▶ **Problem to solve**:
Where does the string "auto" appear in the records? Copy each line that holds it.

[Saved data entries]
(* Let $n$ be a positive integer divisible by $q-1$ with $l(n)\ge3(q-1)$, let $\beta\in\mathcal{M}_2(n)$ be an ordered tuple that is maximal for $|\cdot|_1$ (among all of $\mathcal{M}_2(n)$), and let $e$ be the number of even entries of $\beta$. (i) If $e=q-1$, then $|\beta|_1=|\beta|_2$ and $\beta$ is maximal for $|\cdot|_2$. (ii) If $0\le e<q-1$, let $\mu$ be obtained from $\beta$ by replacing every entry $\beta_j$ with $1\le j\le q-1$ and $\beta_j\le\beta_{q-1}$ by $\beta_{q-1}-1$; then $\mu\in\mathcal{M}_2(n)$ is ordered and maximal for $|\cdot|_2$. (iii) If $q-1<e\le2(q-1)$, let $\mu$ be obtained from $\beta$ by replacing every entry $\beta_j$ with $q\le j\le2(q-1)$ and $\beta_j\le\beta_q$ by $\beta_q-1$; then $\mu\in\mathcal{M}_2(n)$ is ordered and maximal for $|\cdot|_2$.
   Context: For $n=\sum_in_iq^i$ in base $q$, $l(n)=\sum_in_i$. For $\beta\in\mathbb{N}^{2(q-1)}$, $|\beta|_1=\sum_iq^{\beta_i}$; $\mathcal{M}_2(n)=\{\beta\in\mathbb{N}^{2(q-1)}:|\beta|_1\le n\}$; $\mu$ is maximal for $|\cdot|_1$ if $|\mu|_1\ge|\beta|_1$ for all $\beta\in\mathcal{M}_2(n)$. A tuple $\beta\in\mathbb{N}^{2(q-1)}$ is ordered if there is $e$ with $0\le e\le2(q-1)$ such that $\beta_1\ge\cdots\ge\beta_e$ are all even ($0$ counts as even) and $\beta_{e+1}\le\cdots\le\beta_{2(q-1)}$ are all odd (so $e$ is the number of even entries); for such $\beta$, $|\beta|_2=\sum_{i=1}^{\min\{e,q-1\}}q^{\beta_i}+\sum_{i=\max\{q,e+1\}}^{2(q-1)}q^{\beta_i}$. An ordered $\mu\in\mathcal{M}_2(n)$ is maximal for $|\cdot|_2$ if $|\mu|_2\ge|\gamma|_2$ for every ordered $\gamma\in\mathcal{M}_2(n)$. *)

theory Defs
  imports Main
begin

text \<open>Tuples in N^{2(q-1)} are represented as functions nat => nat, using only the
  indices 1..2(q-1) (1-based, as in the paper); values at other indices are ignored
  by every definition below.\<close>

function digit_sum :: "nat \<Rightarrow> nat \<Rightarrow> nat" where
  "digit_sum q n = (if q < 2 \<or> n = 0 then 0 else n mod q + digit_sum q (n div q))"
  by auto
termination
  by (relation "measure snd") auto

definition norm1 :: "nat \<Rightarrow> (nat \<Rightarrow> nat) \<Rightarrow> nat" where
  "norm1 q \<beta> = (\<Sum>i = 1..2*(q-1). q ^ \<beta> i)"

definition inM2 :: "nat \<Rightarrow> nat \<Rightarrow> (nat \<Rightarrow> nat) \<Rightarrow> bool" where
  "inM2 q n \<beta> \<longleftrightarrow> norm1 q \<beta> \<le> n"

definition maximal1 :: "nat \<Rightarrow> nat \<Rightarrow> (nat \<Rightarrow> nat) \<Rightarrow> bool" where
  "maximal1 q n \<mu> \<longleftrightarrow> inM2 q n \<mu> \<and> (\<forall>\<gamma>. inM2 q n \<gamma> \<longrightarrow> norm1 q \<gamma> \<le> norm1 q \<mu>)"

definition num_even :: "nat \<Rightarrow> (nat \<Rightarrow> nat) \<Rightarrow> nat" where
  "num_even q \<beta> = card {i \<in> {1..2*(q-1)}. even (\<beta> i)}"

definition ordered_with :: "nat \<Rightarrow> (nat \<Rightarrow> nat) \<Rightarrow> nat \<Rightarrow> bool" where
  "ordered_with q \<beta> e \<longleftrightarrow> e \<le> 2*(q-1)
     \<and> (\<forall>i \<in> {1..e}. even (\<beta> i))
     \<and> (\<forall>i j. 1 \<le> i \<and> i \<le> j \<and> j \<le> e \<longrightarrow> \<beta> j \<le> \<beta> i)
     \<and> (\<forall>i \<in> {e+1..2*(q-1)}. odd (\<beta> i))
     \<and> (\<forall>i j. e+1 \<le> i \<and> i \<le> j \<and> j \<le> 2*(q-1) \<longrightarrow> \<beta> i \<le> \<beta> j)"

▶ **Output of the task**:
  by auto
  by (relation "measure snd") auto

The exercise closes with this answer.